This course is available on MyMathLab® for School. The sixth edition of Calculus: Graphical, Numerical, Algebraic, AP* Edition, by Demana, Waits, Kennedy, Bressoud, and Boardman completely supports the content, philosophy, and goals of the Advanced Placement (AP*) Calculus courses (AB and BC).
• Students will be able to work with functions represented graphically, numerically, analytically, or verbally and will understand the connections among these representations; graphing calculators will be used as a tool to facilitate such understanding.
• Students will, in the process of solving problems, be able to use graphing calculators to graph functions, solve equations, evaluate numerical derivatives, and evaluate numerical integrals.
• Students will understand the meaning of the derivative as a limit of a difference quotient and will understand its connection to local linearity and instantaneous rates of change.
• Students will understand the meaning of the definite integral as a limit of Riemann sums and as a net accumulation of change over an interval, and they will understand and appreciate the connection between derivatives and integrals.
• Students will be able to model real-world behavior and solve a variety of problems using functions, derivatives, and integrals; they will also be able to communicate solutions effectively, using proper mathematical language and syntax.
• Students will be able to represent and interpret differential equations geometrically with slope fields and (*) numerically with Euler’s method; they will be able to model dynamic situations with differential equations and solve initial value problems analytically.
(*) Students will understand the convergence and divergence of infinite series and will be able to represent functions with Maclaurin and Taylor series; they will be able to approximate or bound truncation errors in various ways.
(*) Students will be able to extend some calculus results to the context of motion in the plane (through vectors) and to the analysis of polar curves.
Changes to This Edition:
We welcome Michael Boardman to the author team. As a college mathematician with years of experience with the Advanced Placement program, he is well acquainted with the scope and goals of the course, and he is well versed in the mathematics that calculus students should know. Not only was Michael chief reader of the AP Calculus exams for four years, but he also served five years on the Development Committee and five years on the AP Calculus Workgroup for ETS. As perhaps his signal achievement, he founded the online discussion group for AP Calculus teachers and moderated it for a decade, so he truly understands what AP teachers and students are looking for in these pages.
A Few Global Changes
As with previous editions, we have kept our focus on high school students taking one of the College Board’s AP courses, Calculus AB or Calculus BC. The topics in the text reflect both the curriculum and the pedagogy of an AP course, and we do what we can to prepare students for the AP examinations throughout the text. To be consistent with the AP exam, we have changed all multiple-choice questions in the exercises to show four options rather than five. Also, as free-response questions on the AP examinations continue to evolve in focus and style, we have added or amended our exercises to reflect those changes. Although the role of graphing calculators in the course has not changed significantly since the fifth edition, we continue to review the gray “no calculator” ovals in the exercise sets to reflect an emerging consensus among calculus teachers that not every problem that can be solved without a calculator ought to be solved without a calculator.

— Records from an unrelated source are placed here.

lemma fourier_expansion:
  assumes "finite I" "x \<in> cube I"
  shows "g x = (\<Sum>S\<in>Pow I. fourier_coeff I g S * chi S x)"
proof -
  have "(\<Sum>S\<in>Pow I. fourier_coeff I g S * chi S x)
      = (\<Sum>y\<in>cube I. g y * (\<Sum>S\<in>Pow I. chi S y * chi S x)) / 2 ^ card I"
    unfolding fourier_coeff_def
    by (simp add: sum_divide_distrib sum_distrib_left sum_distrib_right mult.assoc sum.swap[of _ "Pow I"])
  also have "\<dots> = (\<Sum>y\<in>cube I. if y = x then g x * 2 ^ card I else 0) / 2 ^ card I"
    by (intro arg_cong2[where f = "(/)"] sum.cong) (auto simp: sum_Pow_chi_mult_chi assms)
  also have "\<dots> = g x"
    using assms finite_cube[OF assms(1)] by simp
  finally show ?thesis by simp
qed

lemma fourier_coeff_unique:
  assumes "finite I" "\<And>x. x \<in> cube I \<Longrightarrow> g x = (\<Sum>T\<in>Pow I. \<beta> T * chi T x)" "S \<subseteq> I"
  shows "fourier_coeff I g S = \<beta> S"
proof -
  have "(\<Sum>y\<in>cube I. g y * chi S y) = (\<Sum>T\<in>Pow I. \<beta> T * (\<Sum>y\<in>cube I. chi T y * chi S y))"
    by (simp add: assms(2) sum_distrib_left sum_distrib_right mult.assoc sum.swap[of _ "cube I"])
  also have "\<dots> = (\<Sum>T\<in>Pow I. if T = S then \<beta> S * 2 ^ card I else 0)"
    using assms(1,3) by (intro sum.cong) (auto simp: sum_chi_mult_chi)
  also have "\<dots> = \<beta> S * 2 ^ card I"
    using assms(1,3) by simp
  finally show ?thesis
    unfolding fourier_coeff_def by simp
qed

lemma msp_iff_fourier_support:
  assumes "finite I"
  shows "msp I g \<longleftrightarrow> msp_sets {S \<in> Pow I. fourier_coeff I g S \<noteq> 0}"
proof
  assume "msp I g"
  then obtain \<beta> where expansion: "\<forall>x\<in>cube I. g x = (\<Sum>S\<in>Pow I. \<beta> S * chi S x)"
    and "msp_sets {S \<in> Pow I. \<beta> S \<noteq> 0}"
    unfolding msp_def by blast
  moreover have "{S \<in> Pow I. \<beta> S \<noteq> 0} = {S \<in> Pow I. fourier_coeff I g S \<noteq> 0}"
    using fourier_coeff_unique[OF assms] expansion by auto
  ultimately show "msp_sets {S \<in> Pow I. fourier_coeff I g S \<noteq> 0}"
    by simp
next
  assume "msp_sets {S \<in> Pow I. fourier_coeff I g S \<noteq> 0}"
  then show "msp I g"
    unfolding msp_def using fourier_expansion[OF assms] by blast
qed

We have further expanded the treatment of the derivative as a measure of sensitivity, which now appears as an ongoing topic in several different sections of the text. We have also enhanced our commitment to point-slope form for linear equations throughout the text, writing them all in a form that emphasizes the concept of local linearity, critical for understanding differential calculus.
Two new features have been added in response to the MPACs. There are now Notational Fluency Notes sprinkled throughout the text, and each set of Chapter Review Exercises begins with Reasoning with Definitions and Theorems questions that require students (individually or with their classmates) to dig more deeply into the concepts of calculus in order to understand them better.
Most of the motivational “Chapter Opener” problems are new and improved in this edition, and (thanks to David) many more historical nuggets have been sprinkled throughout the book. We also confess that some of the nuggets that were already there were in need of refinement. For example, the curious object called Gabriel’s Horn in previous editions is now called Torricelli’s Trumpet, with an accompanying historical note to give full credit where credit is due.
Finally, be assured that we have looked carefully at the content of the new AP Calculus Curriculum Framework, and there is nothing therein that is not covered in this text. Moreover, the emphases are in harmony with the objectives of the AP course, as they have always been.